Brief
Stopping at the line that holds "by (simp add: unit_ball_def)", repeat the lines below exactly, starting from the very first and including that final line.

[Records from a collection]

*****

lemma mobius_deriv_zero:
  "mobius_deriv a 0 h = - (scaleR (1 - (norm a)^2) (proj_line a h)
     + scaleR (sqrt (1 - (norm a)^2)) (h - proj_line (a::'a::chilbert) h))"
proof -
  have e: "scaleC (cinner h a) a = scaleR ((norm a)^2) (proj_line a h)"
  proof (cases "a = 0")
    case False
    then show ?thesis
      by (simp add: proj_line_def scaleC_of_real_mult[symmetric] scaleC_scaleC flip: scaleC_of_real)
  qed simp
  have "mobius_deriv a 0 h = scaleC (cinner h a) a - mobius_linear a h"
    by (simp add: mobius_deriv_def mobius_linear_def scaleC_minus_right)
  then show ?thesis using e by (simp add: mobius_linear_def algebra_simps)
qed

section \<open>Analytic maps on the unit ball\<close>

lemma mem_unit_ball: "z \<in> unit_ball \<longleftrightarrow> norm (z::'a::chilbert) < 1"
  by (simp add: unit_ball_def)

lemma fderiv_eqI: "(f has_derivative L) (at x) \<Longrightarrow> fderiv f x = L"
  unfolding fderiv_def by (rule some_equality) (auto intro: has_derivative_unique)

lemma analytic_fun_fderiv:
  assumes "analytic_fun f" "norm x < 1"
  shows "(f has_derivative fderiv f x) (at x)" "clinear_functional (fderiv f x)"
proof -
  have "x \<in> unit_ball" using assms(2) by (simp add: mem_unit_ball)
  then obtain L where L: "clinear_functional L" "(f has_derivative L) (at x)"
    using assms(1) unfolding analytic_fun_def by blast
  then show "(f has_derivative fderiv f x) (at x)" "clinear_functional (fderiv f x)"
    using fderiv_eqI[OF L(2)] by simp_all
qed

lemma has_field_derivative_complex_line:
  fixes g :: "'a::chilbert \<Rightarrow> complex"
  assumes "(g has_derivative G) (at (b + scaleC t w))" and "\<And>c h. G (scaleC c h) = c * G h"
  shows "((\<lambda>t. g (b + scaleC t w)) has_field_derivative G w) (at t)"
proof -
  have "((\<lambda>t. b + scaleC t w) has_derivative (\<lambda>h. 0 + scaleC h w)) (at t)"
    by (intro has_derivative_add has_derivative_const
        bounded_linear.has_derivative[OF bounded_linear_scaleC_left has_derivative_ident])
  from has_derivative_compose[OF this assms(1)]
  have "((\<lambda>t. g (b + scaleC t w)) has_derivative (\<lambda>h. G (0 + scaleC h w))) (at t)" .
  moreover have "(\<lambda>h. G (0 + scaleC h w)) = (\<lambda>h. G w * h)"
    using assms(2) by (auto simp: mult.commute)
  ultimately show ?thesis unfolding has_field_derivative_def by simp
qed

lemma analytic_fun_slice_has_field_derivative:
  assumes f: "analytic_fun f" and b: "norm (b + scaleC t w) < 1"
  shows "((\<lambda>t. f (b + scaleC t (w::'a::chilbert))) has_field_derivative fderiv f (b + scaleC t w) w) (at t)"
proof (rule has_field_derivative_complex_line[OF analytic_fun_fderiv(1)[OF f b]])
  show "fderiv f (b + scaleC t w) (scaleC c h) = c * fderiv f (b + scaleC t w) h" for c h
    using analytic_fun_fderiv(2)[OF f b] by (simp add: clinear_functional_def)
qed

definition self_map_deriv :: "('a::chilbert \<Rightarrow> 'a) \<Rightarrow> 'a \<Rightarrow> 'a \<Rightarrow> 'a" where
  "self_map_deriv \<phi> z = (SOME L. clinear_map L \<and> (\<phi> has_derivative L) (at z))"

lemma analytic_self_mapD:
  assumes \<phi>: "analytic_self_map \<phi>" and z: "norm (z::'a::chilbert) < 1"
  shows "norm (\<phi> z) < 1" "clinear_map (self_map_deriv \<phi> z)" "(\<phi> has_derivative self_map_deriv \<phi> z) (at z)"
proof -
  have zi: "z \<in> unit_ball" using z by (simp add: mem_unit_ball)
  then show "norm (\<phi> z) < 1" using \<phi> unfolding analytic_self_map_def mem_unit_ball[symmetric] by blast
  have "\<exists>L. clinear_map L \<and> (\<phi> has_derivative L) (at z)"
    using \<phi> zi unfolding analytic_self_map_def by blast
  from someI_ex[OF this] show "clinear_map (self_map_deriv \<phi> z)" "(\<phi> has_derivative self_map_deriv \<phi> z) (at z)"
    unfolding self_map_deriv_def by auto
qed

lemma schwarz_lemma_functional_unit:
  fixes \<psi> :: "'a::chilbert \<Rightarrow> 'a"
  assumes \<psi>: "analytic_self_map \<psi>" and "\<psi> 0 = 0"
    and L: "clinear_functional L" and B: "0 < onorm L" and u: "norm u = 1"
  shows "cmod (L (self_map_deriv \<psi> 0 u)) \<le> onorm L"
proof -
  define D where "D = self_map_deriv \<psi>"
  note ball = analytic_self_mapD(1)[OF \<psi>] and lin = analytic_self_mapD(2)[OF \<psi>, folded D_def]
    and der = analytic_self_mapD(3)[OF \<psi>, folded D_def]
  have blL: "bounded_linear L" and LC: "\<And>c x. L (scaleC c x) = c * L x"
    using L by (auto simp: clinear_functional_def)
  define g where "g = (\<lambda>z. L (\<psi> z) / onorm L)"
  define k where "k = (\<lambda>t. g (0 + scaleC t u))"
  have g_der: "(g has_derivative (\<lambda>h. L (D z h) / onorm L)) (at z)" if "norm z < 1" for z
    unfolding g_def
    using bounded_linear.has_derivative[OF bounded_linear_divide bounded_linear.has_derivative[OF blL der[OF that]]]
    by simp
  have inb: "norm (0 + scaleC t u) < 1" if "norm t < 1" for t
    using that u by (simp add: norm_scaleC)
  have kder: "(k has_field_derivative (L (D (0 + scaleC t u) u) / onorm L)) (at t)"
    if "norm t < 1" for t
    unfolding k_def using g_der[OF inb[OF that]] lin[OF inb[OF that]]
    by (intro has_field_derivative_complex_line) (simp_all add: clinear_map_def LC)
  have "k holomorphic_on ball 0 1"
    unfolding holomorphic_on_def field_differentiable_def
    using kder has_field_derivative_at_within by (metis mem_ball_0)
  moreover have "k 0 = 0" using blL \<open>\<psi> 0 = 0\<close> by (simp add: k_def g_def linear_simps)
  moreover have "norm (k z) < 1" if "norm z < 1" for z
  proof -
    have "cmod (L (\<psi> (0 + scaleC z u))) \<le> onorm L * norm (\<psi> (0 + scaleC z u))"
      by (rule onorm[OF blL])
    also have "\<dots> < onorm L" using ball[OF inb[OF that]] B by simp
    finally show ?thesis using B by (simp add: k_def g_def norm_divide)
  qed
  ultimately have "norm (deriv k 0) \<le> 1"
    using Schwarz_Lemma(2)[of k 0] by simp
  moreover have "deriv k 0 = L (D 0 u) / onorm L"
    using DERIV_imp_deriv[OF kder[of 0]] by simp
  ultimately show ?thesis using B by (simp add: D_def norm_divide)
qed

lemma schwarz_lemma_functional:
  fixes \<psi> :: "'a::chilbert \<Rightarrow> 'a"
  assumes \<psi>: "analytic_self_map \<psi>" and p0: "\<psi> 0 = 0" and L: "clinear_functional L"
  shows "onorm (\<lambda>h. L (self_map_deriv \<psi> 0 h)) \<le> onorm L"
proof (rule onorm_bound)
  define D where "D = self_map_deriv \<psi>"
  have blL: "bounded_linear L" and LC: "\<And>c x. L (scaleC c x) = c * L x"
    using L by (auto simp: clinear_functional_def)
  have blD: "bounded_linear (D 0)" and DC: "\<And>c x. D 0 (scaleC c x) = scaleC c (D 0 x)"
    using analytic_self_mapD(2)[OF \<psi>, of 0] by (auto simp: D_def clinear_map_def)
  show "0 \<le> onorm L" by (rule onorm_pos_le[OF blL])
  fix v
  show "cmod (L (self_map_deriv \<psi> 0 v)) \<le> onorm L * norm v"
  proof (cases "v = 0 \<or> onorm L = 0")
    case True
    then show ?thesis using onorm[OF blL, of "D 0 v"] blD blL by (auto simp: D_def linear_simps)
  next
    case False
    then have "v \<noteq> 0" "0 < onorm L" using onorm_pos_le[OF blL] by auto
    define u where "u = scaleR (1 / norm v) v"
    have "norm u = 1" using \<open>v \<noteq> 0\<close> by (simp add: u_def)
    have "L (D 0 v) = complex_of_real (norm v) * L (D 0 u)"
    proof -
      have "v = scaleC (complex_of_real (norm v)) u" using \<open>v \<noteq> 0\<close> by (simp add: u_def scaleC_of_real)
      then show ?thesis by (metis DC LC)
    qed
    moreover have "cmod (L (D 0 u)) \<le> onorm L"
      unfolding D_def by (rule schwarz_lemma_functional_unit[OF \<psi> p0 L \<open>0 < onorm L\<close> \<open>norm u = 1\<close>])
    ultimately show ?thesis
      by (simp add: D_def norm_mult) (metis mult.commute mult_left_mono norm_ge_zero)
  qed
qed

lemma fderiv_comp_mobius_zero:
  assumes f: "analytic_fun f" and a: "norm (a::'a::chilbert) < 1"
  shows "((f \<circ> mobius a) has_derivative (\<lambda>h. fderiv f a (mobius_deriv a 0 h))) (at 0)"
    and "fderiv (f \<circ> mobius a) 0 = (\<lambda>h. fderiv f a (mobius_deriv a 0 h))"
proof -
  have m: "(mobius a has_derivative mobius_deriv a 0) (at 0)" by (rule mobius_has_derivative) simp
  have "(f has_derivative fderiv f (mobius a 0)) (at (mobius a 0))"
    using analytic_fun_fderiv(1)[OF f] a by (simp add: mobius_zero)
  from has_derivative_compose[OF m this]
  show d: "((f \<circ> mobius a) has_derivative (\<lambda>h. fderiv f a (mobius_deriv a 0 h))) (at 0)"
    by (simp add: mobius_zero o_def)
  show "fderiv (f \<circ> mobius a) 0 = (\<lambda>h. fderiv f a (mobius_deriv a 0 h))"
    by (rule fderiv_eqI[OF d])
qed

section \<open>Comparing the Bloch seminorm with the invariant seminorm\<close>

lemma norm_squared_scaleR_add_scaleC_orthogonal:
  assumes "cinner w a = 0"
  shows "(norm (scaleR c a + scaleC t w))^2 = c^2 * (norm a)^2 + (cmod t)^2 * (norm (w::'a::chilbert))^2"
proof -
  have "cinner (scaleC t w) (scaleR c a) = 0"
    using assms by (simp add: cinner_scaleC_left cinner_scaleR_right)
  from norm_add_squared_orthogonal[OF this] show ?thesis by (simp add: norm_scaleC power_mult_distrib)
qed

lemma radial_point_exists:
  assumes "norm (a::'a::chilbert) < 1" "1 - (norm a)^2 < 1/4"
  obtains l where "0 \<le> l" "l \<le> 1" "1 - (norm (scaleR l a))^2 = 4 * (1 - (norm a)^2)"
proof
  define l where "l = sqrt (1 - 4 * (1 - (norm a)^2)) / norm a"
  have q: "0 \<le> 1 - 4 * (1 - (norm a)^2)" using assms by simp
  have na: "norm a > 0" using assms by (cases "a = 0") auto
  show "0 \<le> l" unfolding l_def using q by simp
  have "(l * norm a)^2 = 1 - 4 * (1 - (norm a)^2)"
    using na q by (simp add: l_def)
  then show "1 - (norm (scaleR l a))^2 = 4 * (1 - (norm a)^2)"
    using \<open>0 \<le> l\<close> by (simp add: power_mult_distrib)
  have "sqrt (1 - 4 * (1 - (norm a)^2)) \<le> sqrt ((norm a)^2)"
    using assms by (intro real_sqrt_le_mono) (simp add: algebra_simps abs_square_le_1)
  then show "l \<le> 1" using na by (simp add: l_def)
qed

*****

Exercise output
lemma mobius_deriv_zero:
  "mobius_deriv a 0 h = - (scaleR (1 - (norm a)^2) (proj_line a h)
     + scaleR (sqrt (1 - (norm a)^2)) (h - proj_line (a::'a::chilbert) h))"
proof -
  have e: "scaleC (cinner h a) a = scaleR ((norm a)^2) (proj_line a h)"
  proof (cases "a = 0")
    case False
    then show ?thesis
      by (simp add: proj_line_def scaleC_of_real_mult[symmetric] scaleC_scaleC flip: scaleC_of_real)
  qed simp
  have "mobius_deriv a 0 h = scaleC (cinner h a) a - mobius_linear a h"
    by (simp add: mobius_deriv_def mobius_linear_def scaleC_minus_right)
  then show ?thesis using e by (simp add: mobius_linear_def algebra_simps)
qed

section \<open>Analytic maps on the unit ball\<close>

lemma mem_unit_ball: "z \<in> unit_ball \<longleftrightarrow> norm (z::'a::chilbert) < 1"
  by (simp add: unit_ball_def)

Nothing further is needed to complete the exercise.